Just then they came in sight of thirty or forty windmills that rise from that plain. And no sooner did Don Quixote see them that he said to his squire, “Fortune is guiding our affairs better than we ourselves could have wished. Do you see over yonder, friend Sancho, thirty or forty hulking giants? I intend to do battle with them and slay them. With their spoils we shall begin to be rich for this is a righteous war and the removal of so foul a brood from off the face of the earth is a service God will bless.”
“What giants?” asked Sancho Panza.
“Those you see over there,” replied his master, “with their long arms. Some of them have arms well nigh two leagues in length.”
“Take care, sir,” cried Sancho. “Those over there are not giants but windmills. Those things that seem to be their arms are sails which, when they are whirled around by the wind, turn the millstone.”
George Will – my favorite columnist – had a stunningly wrong-headed column this weekend on the Fairness Doctrine. I certainly would expect him to dislike the long-vanquished doctrine.
What I wouldn’t expect was for Will to write an entire column to refute a straw man argument used merely to bash liberals. Will constantly invokes what liberals want to do regarding this – but cites not a single one in his piece. In fact, Marin Cogan of The New Republic was unable to find any congressperson pushing legislation to this effect or any liberal policy wonks promoting a return to the Fairness Doctrine.

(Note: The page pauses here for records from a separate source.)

definition top_stable_point :: "'a measure \<Rightarrow> ('a::metric_space \<Rightarrow> 'a) \<Rightarrow> 'a \<Rightarrow> bool" where
  "top_stable_point \<mu> f x \<longleftrightarrow>
     (\<forall>\<epsilon>>0. \<exists>\<delta>>0. \<forall>g. is_homeo g \<and> C0_close f g \<delta> \<longrightarrow>
        (\<exists>H. stab_map \<mu> f g x \<epsilon> \<delta> H))"

definition strong_top_stable_point :: "'a measure \<Rightarrow> ('a::metric_space \<Rightarrow> 'a) \<Rightarrow> 'a \<Rightarrow> bool" where
  "strong_top_stable_point \<mu> f x \<longleftrightarrow>
     (\<forall>\<epsilon>>0. \<exists>\<delta>>0. \<exists>B \<in> sets \<mu>. emeasure \<mu> (UNIV - B) = 0 \<and>
       (\<forall>g. is_homeo g \<and> C0_close f g \<delta> \<longrightarrow>
        (\<exists>H. stab_map \<mu> f g x \<epsilon> \<delta> H \<and>
           emeasure \<mu> (UNIV - dom_sv (closure (orbit g x)) H)
             \<le> emeasure \<mu> (UNIV - (B \<inter> ball x \<delta> \<inter> closure (orbit g x))))))"

end

theory Submission
  imports Defs
begin

text \<open>For any homeomorphism g, let H z be the set of points whose f-orbit e-traces the
  g-orbit of z. Its graph is closed, so H is compact valued and upper semi-continuous with a
  closed domain, and H conjugates g to f. Two points of H z are 2e-close along their whole
  f-orbits, so for z near x and small e, H z lies in a set Gamma of measure zero by uniform
  expansiveness. If x is moreover shadowable and g is C0-close to f, the g-orbits of almost
  every z near x are pseudo orbits of f and hence are traced, i.e. z lies in the domain of H.\<close>

lemma is_homeoD:
  assumes "is_homeo f"
  shows "bij f" "continuous_on UNIV f" "continuous_on UNIV (inv f)"
proof -
  obtain g where h: "homeomorphism UNIV UNIV f g"
    using assms is_homeo_def by blast
  have gf: "\<And>x. g (f x) = x" and fg: "\<And>y. f (g y) = y"
    using h by (auto simp: homeomorphism_def)
  show "bij f" by (metis bijI' gf fg)
  have "inv f = g" using gf fg by (metis inv_equality ext)
  then show "continuous_on UNIV f" "continuous_on UNIV (inv f)"
    using h by (auto simp: homeomorphism_def)
qed

lemma continuous_on_funpow:
  fixes h :: "'a::topological_space \<Rightarrow> 'a"
  assumes "continuous_on UNIV h"
  shows "continuous_on UNIV (h ^^ k)"
proof (induction k)
  case (Suc k)
  then show ?case
    using continuous_on_compose2[OF assms] by (simp add: funpow_Suc_right)
qed simp

lemma continuous_on_iter: "is_homeo f \<Longrightarrow> continuous_on UNIV (iter f n)"
  unfolding iter_def by (simp add: continuous_on_funpow is_homeoD)

lemma iter_0 [simp]: "iter f 0 y = y"
  by (simp add: iter_def)

lemma iter_add_one:
  assumes "bij f"
  shows "iter f (n + 1) y = f (iter f n y)"
proof (cases "0 \<le> n")
  case True
  then show ?thesis by (simp add: iter_def nat_add_distrib)
next
  case False
  then obtain k where n: "n = - int (Suc k)"
    by (metis int_cases le_refl minus_minus neg_0_le_iff_le of_nat_0_le_iff)
  have "f (inv f z) = z" for z
    using assms by (simp add: bij_is_surj surj_f_inv_f)
  then show ?thesis
    using n by (simp add: iter_def nat_add_distrib)
qed

lemma iter_commute:
  assumes "bij f"
  shows "iter f n (f y) = f (iter f n y)"
proof -
  have "(inv f ^^ k) (f y) = f ((inv f ^^ k) y)" for k
  proof (induction k)
    case (Suc k)
    have "inv f (f z) = f (inv f z)" for z
      using assms by (simp add: bij_is_inj bij_is_surj surj_f_inv_f)
    then show ?case using Suc by simp
  qed simp
  then show ?thesis
    by (simp add: iter_def funpow_swap1)
qed

lemma iter_shift: "bij f \<Longrightarrow> iter f n (f y) = iter f (n + 1) y"
  by (simp add: iter_add_one iter_commute)

lemma closed_Collect_iter_dist_le:
  fixes f g :: "'a::metric_space \<Rightarrow> 'a" and a b :: "'b::topological_space \<Rightarrow> 'a"
  assumes "is_homeo f" "is_homeo g" "continuous_on UNIV a" "continuous_on UNIV b"
  shows "closed {p. \<forall>n. dist (iter f n (a p)) (iter g n (b p)) \<le> e}"
proof (rule closed_Collect_all)
  fix n
  have "continuous_on UNIV (\<lambda>p. iter f n (a p))" "continuous_on UNIV (\<lambda>p. iter g n (b p))"
    using continuous_on_compose2[OF continuous_on_iter] assms by blast+
  then show "closed {p. dist (iter f n (a p)) (iter g n (b p)) \<le> e}"
    by (intro closed_Collect_le continuous_intros)
qed

lemma closed_fst_image:
  fixes K :: "('a::topological_space \<times> 'b::topological_space) set"
  assumes "compact (UNIV :: 'b set)" "closed K"
  shows "closed (fst ` K)"
  using closed_map_fst[of "euclidean :: 'b topology" "euclidean :: 'a topology"] assms
  by (simp add: closed_map_def compact_space_def)

lemma usc_on_closed_graph:
  fixes H :: "'a::metric_space \<Rightarrow> 'b::metric_space set"
  assumes "compact (UNIV :: 'b set)" "closed {(z, y). y \<in> H z}"
  shows "usc_on Z H"
  unfolding usc_on_def
proof (intro ballI allI impI)
  fix z V assume "z \<in> dom_sv Z H" and V: "open V \<and> H z \<subseteq> V"
  define K where "K = {(z, y). y \<in> H z} \<inter> (UNIV \<times> - V)"
  have "closed (fst ` K)"
    unfolding K_def using assms V by (intro closed_fst_image closed_Int closed_Times) auto
  moreover have "z \<notin> fst ` K"
    using V unfolding K_def by auto
  ultimately obtain \<gamma> where "\<gamma> > 0" and \<gamma>: "ball z \<gamma> \<subseteq> - fst ` K"
    by (meson ComplI open_Compl open_contains_ball)
  have "H w \<subseteq> V" if "dist w z < \<gamma>" for w
  proof
    fix y assume "y \<in> H w"
    moreover have "w \<in> ball z \<gamma>"
      using that by (simp add: dist_commute)
    then have "w \<notin> fst ` K"
      using \<gamma> by blast
    ultimately show "y \<in> V"
      unfolding K_def by force
  qed
  then show "\<exists>\<gamma>>0. \<forall>w\<in>Z. dist w z < \<gamma> \<longrightarrow> H w \<subseteq> V"
    using \<open>\<gamma> > 0\<close> by blast
qed

lemma closed_dom_sv_closed_graph:
  fixes H :: "'a::metric_space \<Rightarrow> 'b::metric_space set"
  assumes "compact (UNIV :: 'b set)" "closed {(z, y). y \<in> H z}" "closed Z"
  shows "closed (dom_sv Z H)"
proof -
  have "dom_sv Z H = Z \<inter> fst ` {(z, y). y \<in> H z}"
    unfolding dom_sv_def by force
  then show ?thesis
    using assms closed_fst_image by (metis closed_Int)
qed

definition tracing_set :: "('a::metric_space \<Rightarrow> 'a) \<Rightarrow> ('a \<Rightarrow> 'a) \<Rightarrow> real \<Rightarrow> 'a \<Rightarrow> 'a set" where
  "tracing_set f g e z = {y. \<forall>n. dist (iter f n y) (iter g n z) \<le> e}"

lemma closed_graph_tracing_set:
  assumes "is_homeo f" "is_homeo g"
  shows "closed {(z, y). y \<in> tracing_set f g e z}"
  using closed_Collect_iter_dist_le[OF assms continuous_on_snd[OF continuous_on_id]
      continuous_on_fst[OF continuous_on_id]]
  by (simp add: tracing_set_def case_prod_unfold)

lemma closed_tracing_set:
  assumes "is_homeo f" "is_homeo g"
  shows "closed (tracing_set f g e z)"
  using closed_Collect_iter_dist_le[OF assms continuous_on_id continuous_on_const]
  by (simp add: tracing_set_def)

lemma tracing_set_subset_cball: "tracing_set f g e z \<subseteq> cball z e"
proof
  fix y assume "y \<in> tracing_set f g e z"
  then have "dist (iter f 0 y) (iter g 0 z) \<le> e"
    unfolding tracing_set_def by blast
  then show "y \<in> cball z e"
    by (simp add: dist_commute)
qed

lemma image_tracing_set:
  assumes "bij f" "bij g"
  shows "f ` tracing_set f g e z = tracing_set f g e (g z)"
proof
  show "f ` tracing_set f g e z \<subseteq> tracing_set f g e (g z)"
    using assms by (auto simp: tracing_set_def iter_shift)
next
  show "tracing_set f g e (g z) \<subseteq> f ` tracing_set f g e z"
  proof
    fix y assume y: "y \<in> tracing_set f g e (g z)"
    have f_inv: "f (inv f y) = y"
      using assms by (simp add: bij_is_surj surj_f_inv_f)
    have "iter f n (inv f y) = iter f (n - 1) y" "iter g n z = iter g (n - 1) (g z)" for n
      using iter_shift[OF assms(1), of "n - 1" "inv f y"] iter_shift[OF assms(2), of "n - 1" z] f_inv
      by simp_all
    then have "inv f y \<in> tracing_set f g e z"
      using y by (simp add: tracing_set_def)
    then show "y \<in> f ` tracing_set f g e z"
      using f_inv by (metis image_eqI)
  qed
qed

lemma tracing_set_subset_Gamma:
  assumes "y\<^sub>0 \<in> tracing_set f g e z" "2 * e \<le> c" "dist x z + e < c"
  shows "tracing_set f g e z \<subseteq> Gamma f c x y\<^sub>0"
  unfolding Gamma_def
proof (intro subsetI CollectI conjI allI)
  fix y assume y: "y \<in> tracing_set f g e z"
  have "dist x y \<le> dist x z + dist z y"
    by (rule dist_triangle)
  then show "y \<in> ball x c"
    using tracing_set_subset_cball[of f g e z] y assms(3) by auto
  fix n
  have "dist (iter f n y) (iter g n z) \<le> e" "dist (iter f n y\<^sub>0) (iter g n z) \<le> e"
    using y assms(1) unfolding tracing_set_def by auto
  then show "dist (iter f n y) (iter f n y\<^sub>0) \<le> c"
    using dist_triangle2[of "iter f n y" "iter f n y\<^sub>0" "iter g n z"] assms(2) by linarith
qed

lemma Gamma_in_borel:
  assumes "is_homeo f"
  shows "Gamma f c x z \<in> sets borel"
proof -
  have "Gamma f c x z = ball x c \<inter> tracing_set f f c z"
    unfolding Gamma_def tracing_set_def by auto
  then show ?thesis
    using closed_tracing_set[OF assms assms] by simp
qed

lemma emeasure_tracing_set_eq_0:
  assumes "is_homeo f" "sets \<mu> = sets borel"
    and Gamma_null: "\<forall>y\<in>ball x c. emeasure \<mu> (Gamma f c x y) = 0"
    and "2 * e \<le> c" "dist x z + e < c"
  shows "emeasure \<mu> (tracing_set f g e z) = 0"
proof (cases "tracing_set f g e z = {}")
  case False
  then obtain y\<^sub>0 where y\<^sub>0: "y\<^sub>0 \<in> tracing_set f g e z"
    by blast
  then have "y\<^sub>0 \<in> ball x c"
    using tracing_set_subset_Gamma[OF y\<^sub>0 assms(4,5)] by (auto simp: Gamma_def)
  moreover have "emeasure \<mu> (tracing_set f g e z) \<le> emeasure \<mu> (Gamma f c x y\<^sub>0)"
    using tracing_set_subset_Gamma[OF y\<^sub>0 assms(4,5)] Gamma_in_borel[OF assms(1)] assms(2)
    by (intro emeasure_mono) auto
  ultimately show ?thesis
    using Gamma_null by simp
qed simp

lemma stab_map_tracing_set:
  fixes f g :: "'a::metric_space \<Rightarrow> 'a"
  assumes "compact (UNIV :: 'a set)" "is_homeo f" "is_homeo g" "sets \<mu> = sets borel"
    and "\<forall>y\<in>ball x c. emeasure \<mu> (Gamma f c x y) = 0"
    and "e \<le> \<epsilon>" "2 * e \<le> c" "\<delta> / 4 + e < c"
  shows "stab_map \<mu> f g x \<epsilon> \<delta> (tracing_set f g e)"
proof -
  define Z where "Z = closure (orbit g x)"
  have graph: "closed {(z, y). y \<in> tracing_set f g e z}"
    using closed_graph_tracing_set[OF assms(2,3)] .
  have "compact (tracing_set f g e z)" for z
    using compact_Int_closed[OF assms(1) closed_tracing_set[OF assms(2,3)]] by simp
  moreover have "dom_sv Z (tracing_set f g e) \<in> sets \<mu>"
    using closed_dom_sv_closed_graph[OF assms(1) graph] assms(4) by (simp add: Z_def)
  moreover have "emeasure \<mu> (tracing_set f g e z) = 0" if "z \<in> ball x (\<delta> / 4)" for z
    using that assms(8) by (intro emeasure_tracing_set_eq_0[OF assms(2,4,5,7)]) simp
  moreover have "tracing_set f g e z \<subseteq> cball z \<epsilon>" for z
    using tracing_set_subset_cball[of f g e z] assms(6) by auto
  moreover have "f ` tracing_set f g e z = tracing_set f g e (g z)" for z
    using image_tracing_set is_homeoD(1) assms(2,3) by blast
  ultimately show ?thesis
    unfolding stab_map_def Let_def Z_def[symmetric]
    using usc_on_closed_graph[OF assms(1) graph] by blast
qed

Will though manages to be an expert on what these anonymous liberals think:
And these worrywarts say the proliferation of radio, cable, satellite broadcasting and Internet choices allows people to choose their own universe of commentary, which takes us far from the good old days when everyone had the communitarian delight of gathering around the cozy campfire of the NBC-ABC-CBS oligopoly. Being a liberal is exhausting when you must simultaneously argue for illiberal policies on the basis of dangerous scarcity and menacing abundance.
If reactionary liberals, unsatisfied with dominating the mainstream media, academia and Hollywood, were competitive on talk radio, they would be uninterested in reviving the fairness doctrine. Having so sullied liberalism’s name that they have taken to calling themselves progressives, liberals are now ruining the reputation of reactionaries, which really is unfair.
Next up would be George Will’s column on how Net Neutrality would be like a Fairness Doctrine for the internet.
Matt Yglesias summed up this Fairness Doctrine controversy best a few weeks ago:
Political movements mischaracterize the other side’s general goals all the time. But I’ve never heard of anything like the current conservative mania for blocking a particular legislative provision that nobody is trying to enact.